Un año después, a las 20:00 horas del 12 de noviembre de 1980, la banda terrorista ETA asesinaba en Ataun (Guipúzcoa) a MIGUEL ZUNZUNEGUI ARRATIBEL, camionero de profesión. Una de sus hermanas fue testigo del asesinato. Miguel acababa de regresar de un viaje con su camión y se encontraba en el garaje del caserío familiar, en el barrio de San Gregorio de Ataun, cuando dos individuos encapuchados lo tirotearon a corta distancia, recibiendo un impacto de bala mortal en la cabeza y otros dos en la clavícula.

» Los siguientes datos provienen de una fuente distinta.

text \<open>This replaces the XORs of coded delivery: block \<open>b\<close> only has to distinguish values
  \<open>pr b x\<close> that some user could confuse (relation \<open>R b\<close>), and a proper colouring of this
  confusability graph, written with \<open>w b\<close> bits, does so.\<close>
lemma separating_encoding_exists:
  fixes X :: "'x set" and B :: "'b set" and pr :: "'b \<Rightarrow> 'x \<Rightarrow> 'y"
  assumes "finite X" "finite B"
    and sym: "\<And>b y y'. b \<in> B \<Longrightarrow> R b y y' \<Longrightarrow> R b y' y"
    and irrefl: "\<And>b y. b \<in> B \<Longrightarrow> \<not> R b y y"
    and degree: "\<And>b y. b \<in> B \<Longrightarrow> y \<in> pr b ` X \<Longrightarrow> card {y'\<in>pr b ` X. R b y y'} < 2 ^ w b"
  shows "\<exists>E::'x \<Rightarrow> bool list. (\<forall>x\<in>X. length (E x) = (\<Sum>b\<in>B. w b)) \<and>
             (\<forall>x\<in>X. \<forall>x'\<in>X. E x = E x' \<longrightarrow> (\<forall>b\<in>B. \<not> R b (pr b x) (pr b x')))"
proof -
  have "\<forall>b\<in>B. \<exists>c. (\<forall>y\<in>pr b ` X. (c y::nat) < 2 ^ w b) \<and>
          (\<forall>y\<in>pr b ` X. \<forall>y'\<in>pr b ` X. R b y y' \<longrightarrow> c y \<noteq> c y')"
    using assms by (intro ballI bounded_degree_coloring) auto
  then obtain c where c: "\<And>b. b \<in> B \<Longrightarrow> (\<forall>y\<in>pr b ` X. (c b y::nat) < 2 ^ w b) \<and>
          (\<forall>y\<in>pr b ` X. \<forall>y'\<in>pr b ` X. R b y y' \<longrightarrow> c b y \<noteq> c b y')"
    by metis
  define bits where "bits = Sigma B (\<lambda>b. {..<w b})"
  define E where "E x = tabulate (\<lambda>(b,j). bit (c b (pr b x)) j) bits" for x
  have fin: "finite bits" unfolding bits_def using assms(2) by auto
  have "length (E x) = (\<Sum>b\<in>B. w b)" for x
    unfolding E_def length_tabulate[OF fin] unfolding bits_def
    by (subst card_SigmaI[OF assms(2)]) auto
  moreover have "\<not> R b (pr b x) (pr b x')"
    if x: "x \<in> X" "x' \<in> X" and eq: "E x = E x'" and b: "b \<in> B" for x x' b
  proof -
    have "\<forall>j<w b. bit (c b (pr b x)) j = bit (c b (pr b x')) j"
      using eq[unfolded E_def tabulate_eq_iff[OF fin]] b unfolding bits_def by fastforce
    then have "c b (pr b x) = c b (pr b x')"
      using c[OF b] x by (intro nat_eq_if_low_bits_eq) auto
    then show ?thesis using c[OF b] x by blast
  qed
  ultimately show ?thesis by blast
qed

lemma card_related_lt_two_pow:
  assumes "finite S" "card S \<le> K" "{y'\<in>Y. R y'} \<subseteq> (\<Union>k\<in>S. A k)"
    and "\<And>k. k \<in> S \<Longrightarrow> finite (A k)" "\<And>k. k \<in> S \<Longrightarrow> card (A k) \<le> 2 ^ w"
  shows "card {y'\<in>Y. R y'} < 2 ^ (w + K + 1)"
proof -
  have "card {y'\<in>Y. R y'} \<le> card (\<Union>k\<in>S. A k)"
    using assms by (intro card_mono) auto
  also have "\<dots> \<le> (\<Sum>k\<in>S. card (A k))" by (rule card_UN_le[OF assms(1)])
  also have "\<dots> \<le> K * 2 ^ w"
    using sum_mono[of S "\<lambda>k. card (A k)" "\<lambda>_. 2 ^ w"] assms(2,5)
    by (simp add: order_trans)
  also have "\<dots> < 2 ^ K * 2 ^ w" by (simp add: less_exp)
  also have "\<dots> \<le> 2 ^ (w + K + 1)" by (simp add: power_add)
  finally show ?thesis .
qed

section \<open>Splitting a file into parts indexed by sets of users\<close>

definition subset_weight :: "real \<Rightarrow> nat \<Rightarrow> nat set \<Rightarrow> real" where
  "subset_weight q K T = q ^ card T * (1 - q) ^ (K - card T)"

lemma subset_weight_prod:
  "T \<subseteq> {..<K} \<Longrightarrow> subset_weight q K T = (\<Prod>a\<in>T. q) * (\<Prod>a\<in>{..<K} - T. 1 - q)"
  unfolding subset_weight_def by (simp add: card_Diff_subset finite_subset)

lemma subset_weight_nonneg: "0 \<le> q \<Longrightarrow> q \<le> 1 \<Longrightarrow> 0 \<le> subset_weight q K T"
  unfolding subset_weight_def by simp

lemma subset_weight_remove:
  assumes "V \<subseteq> {..<K}" "i \<in> V" "q \<noteq> 0"
  shows "subset_weight q K (V - {i}) = subset_weight q K V * (1 - q) / q"
proof -
  have "finite V" using assms(1) finite_subset by blast
  then have c: "card V = Suc (card (V - {i}))" using assms(2) by (metis card_Suc_Diff1)
  have "card V \<le> K" using card_mono[OF _ assms(1)] by simp
  then have "K - card (V - {i}) = Suc (K - card V)" using c by linarith
  then show ?thesis using c assms(3) unfolding subset_weight_def by (simp add: field_simps)
qed

lemma sum_subset_weight_disjoint:
  assumes "S \<subseteq> {..<K}"
  shows "(\<Sum>T\<in>{T\<in>Pow {..<K}. T \<inter> S = {}}. subset_weight q K T) = (1 - q) ^ card S"
proof -
  define f where "f a = (if a \<in> S then 0 else q)" for a :: nat
  have "(\<Prod>a<K. f a + (1 - q)) = (\<Sum>T\<in>Pow {..<K}. (\<Prod>a\<in>T. f a) * (\<Prod>a\<in>{..<K} - T. 1 - q))"
    by (rule prod_add) simp
  also have "\<dots> = (\<Sum>T\<in>Pow {..<K}. if T \<inter> S = {} then subset_weight q K T else 0)"
  proof (rule sum.cong[OF refl])
    fix T assume T: "T \<in> Pow {..<K}"
    then have "finite T" by (auto intro: finite_subset)
    show "(\<Prod>a\<in>T. f a) * (\<Prod>a\<in>{..<K} - T. 1 - q) = (if T \<inter> S = {} then subset_weight q K T else 0)"
    proof (cases "T \<inter> S = {}")
      case True
      then have "(\<Prod>a\<in>T. f a) = (\<Prod>a\<in>T. q)" unfolding f_def by (intro prod.cong) auto
      then show ?thesis using True T by (simp add: subset_weight_prod)
    qed (use \<open>finite T\<close> in \<open>auto simp: f_def\<close>)
  qed
  also have "\<dots> = (\<Sum>T\<in>{T\<in>Pow {..<K}. T \<inter> S = {}}. subset_weight q K T)"
    by (rule sum.inter_filter[symmetric]) simp
  finally have "(\<Sum>T\<in>{T\<in>Pow {..<K}. T \<inter> S = {}}. subset_weight q K T) = (\<Prod>a<K. f a + (1 - q))"
    by simp
  also have "\<dots> = (\<Prod>a\<in>S. 1 - q) * (\<Prod>a\<in>{..<K} - S. 1)"
    using prod.subset_diff[OF assms, of "\<lambda>a. f a + (1 - q)"] by (simp add: f_def mult.commute)
  finally show ?thesis by simp
qed

lemma sum_subset_weight: "(\<Sum>T\<in>Pow {..<K}. subset_weight q K T) = 1"
proof -
  have "{T\<in>Pow {..<K}. T \<inter> {} = {}} = Pow {..<K}" by auto
  then show ?thesis using sum_subset_weight_disjoint[of "{}" K q] by simp
qed

lemma sum_subset_weight_mem:
  assumes "k < K"
  shows "(\<Sum>T\<in>{T\<in>Pow {..<K}. k \<in> T}. subset_weight q K T) = q"
proof -
  let ?A = "{T\<in>Pow {..<K}. k \<in> T}" and ?B = "{T\<in>Pow {..<K}. T \<inter> {k} = {}}"
  have "?A \<union> ?B = Pow {..<K}" by blast
  then have "1 = (\<Sum>T\<in>?A \<union> ?B. subset_weight q K T)"
    by (simp only: sum_subset_weight)
  also have "\<dots> = (\<Sum>T\<in>?A. subset_weight q K T) + (\<Sum>T\<in>?B. subset_weight q K T)"
    by (rule sum.union_disjoint) auto
  moreover have "(\<Sum>T\<in>?B. subset_weight q K T) = 1 - q"
    using sum_subset_weight_disjoint[of "{k}" K q] assms by simp
  ultimately show ?thesis by simp
qed

lemma exists_disjoint_sets_with_cards:
  fixes a :: "'j \<Rightarrow> nat"
  assumes "finite J"
  shows "\<exists>I. (\<forall>j\<in>J. I j \<subseteq> {..<(\<Sum>j\<in>J. a j)} \<and> card (I j) = a j) \<and>
             (\<forall>i\<in>J. \<forall>j\<in>J. i \<noteq> j \<longrightarrow> I i \<inter> I j = {})"
  using assms
proof (induction J rule: finite_induct)
  case empty
  then show ?case by auto
next
  case (insert j J)
  define s where "s = (\<Sum>j\<in>J. a j)"
  obtain I where I: "\<forall>i\<in>J. I i \<subseteq> {..<s} \<and> card (I i) = a i"
    "\<forall>i\<in>J. \<forall>i'\<in>J. i \<noteq> i' \<longrightarrow> I i \<inter> I i' = {}"
    using insert unfolding s_def by blast
  define I' where "I' = I(j := {s..<s + a j})"
  have fresh: "I' j \<inter> I' i = {}" if "i \<in> J" for i
  proof -
    have "i \<noteq> j" "I i \<subseteq> {..<s}" using that insert(2) I(1) by auto
    then show ?thesis unfolding I'_def by auto
  qed
  have "\<forall>i\<in>insert j J. I' i \<subseteq> {..<s + a j} \<and> card (I' i) = a i"
  proof
    fix i assume i: "i \<in> insert j J"
    show "I' i \<subseteq> {..<s + a j} \<and> card (I' i) = a i"
    proof (cases "i = j")
      case False
      then have "I' i = I i" "I i \<subseteq> {..<s}" "card (I i) = a i"
        using i I(1) unfolding I'_def by auto
      then show ?thesis by auto
    qed (auto simp: I'_def)
  qed
  moreover have "\<forall>i\<in>insert j J. \<forall>i'\<in>insert j J. i \<noteq> i' \<longrightarrow> I' i \<inter> I' i' = {}"
    using I(2) fresh insert(2) unfolding I'_def by (metis Int_commute fun_upd_other insert_iff)
  moreover have "(\<Sum>j\<in>insert j J. a j) = s + a j" using insert unfolding s_def by simp
  ultimately show ?case by metis
qed

text \<open>The part of \<open>{}\<close>, which no user caches, absorbs the rounding losses.\<close>
locale subpacketization =
  fixes K F :: nat and q :: real and part :: "nat set \<Rightarrow> nat set"
  assumes fraction_nonneg: "0 \<le> q" and fraction_le_one: "q \<le> 1"
    and part_subset: "T \<subseteq> {..<K} \<Longrightarrow> part T \<subseteq> {..<F}"
    and part_disjoint: "T \<subseteq> {..<K} \<Longrightarrow> T' \<subseteq> {..<K} \<Longrightarrow> T \<noteq> T' \<Longrightarrow> part T \<inter> part T' = {}"
    and card_part: "T \<subseteq> {..<K} \<Longrightarrow> T \<noteq> {} \<Longrightarrow> card (part T) = nat \<lfloor>subset_weight q K T * F\<rfloor>"
    and part_cover: "(\<Union>T\<in>Pow {..<K}. part T) = {..<F}"

lemma subpacketization_exists:
  assumes "0 \<le> q" "q \<le> 1"
  shows "\<exists>part. subpacketization K F q part"
proof -
  define J where "J = Pow {..<K} - {{}}"
  define a where "a T = nat \<lfloor>subset_weight q K T * F\<rfloor>" for T
  have "real (\<Sum>T\<in>J. a T) \<le> (\<Sum>T\<in>J. subset_weight q K T * F)"
    unfolding of_nat_sum a_def using subset_weight_nonneg[OF assms]
    by (intro sum_mono) (simp add: of_nat_nat)
  also have "\<dots> \<le> (\<Sum>T\<in>Pow {..<K}. subset_weight q K T * F)"
    unfolding J_def by (rule sum_mono2) (use subset_weight_nonneg[OF assms] in auto)
  also have "\<dots> = F" by (simp add: sum_distrib_right[symmetric] sum_subset_weight)
  finally have "(\<Sum>T\<in>J. a T) \<le> F" by linarith
  moreover obtain I where I: "\<forall>T\<in>J. I T \<subseteq> {..<(\<Sum>T\<in>J. a T)} \<and> card (I T) = a T"
     "\<forall>T\<in>J. \<forall>T'\<in>J. T \<noteq> T' \<longrightarrow> I T \<inter> I T' = {}"
    using exists_disjoint_sets_with_cards[of J a] unfolding J_def by auto
  ultimately have I_subset: "T \<in> J \<Longrightarrow> I T \<subseteq> {..<F}" for T by fastforce
  define part where "part T = (if T = {} then {..<F} - (\<Union>T\<in>J. I T) else I T)" for T
  have "(\<Union>T\<in>Pow {..<K}. part T) = part {} \<union> (\<Union>T\<in>J. part T)" unfolding J_def by auto
  also have "\<dots> = {..<F}" using I_subset unfolding part_def J_def by auto
  finally have cover: "(\<Union>T\<in>Pow {..<K}. part T) = {..<F}" .
  show ?thesis
  proof (intro exI[of _ part] subpacketization.intro)
    fix T T' assume "T \<subseteq> {..<K}" "T' \<subseteq> {..<K}" "T \<noteq> T'"
    then show "part T \<inter> part T' = {}" using I(2) unfolding part_def J_def by auto
  qed (use assms cover I(1) I_subset in \<open>auto simp: part_def J_def a_def\<close>)
qed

Según contó su hermana, Miguel tuvo tiempo de interpelar en euskera a los dos etarras, a los que preguntó “¿qué os he hecho yo?” (Diario de Navarra, 14/11/1980). La propia hermana, pese a tener 70 años, intentó arrebatar el arma a uno de ellos, que se la puso en el pecho y le dijo en euskera que no se moviese, mientras el segundo terrorista disparaba sobre la víctima a bocajarro. Los pistoleros de la banda huyeron a pie del lugar de los hechos, donde se recogieron tres casquillos de bala del calibre 9 milímetros parabellum, marca SF. En el momento del asesinato de Miguel no había prácticamente nadie en la zona, por estar retransmitiéndose por televisión el partido de fútbol España-Polonia.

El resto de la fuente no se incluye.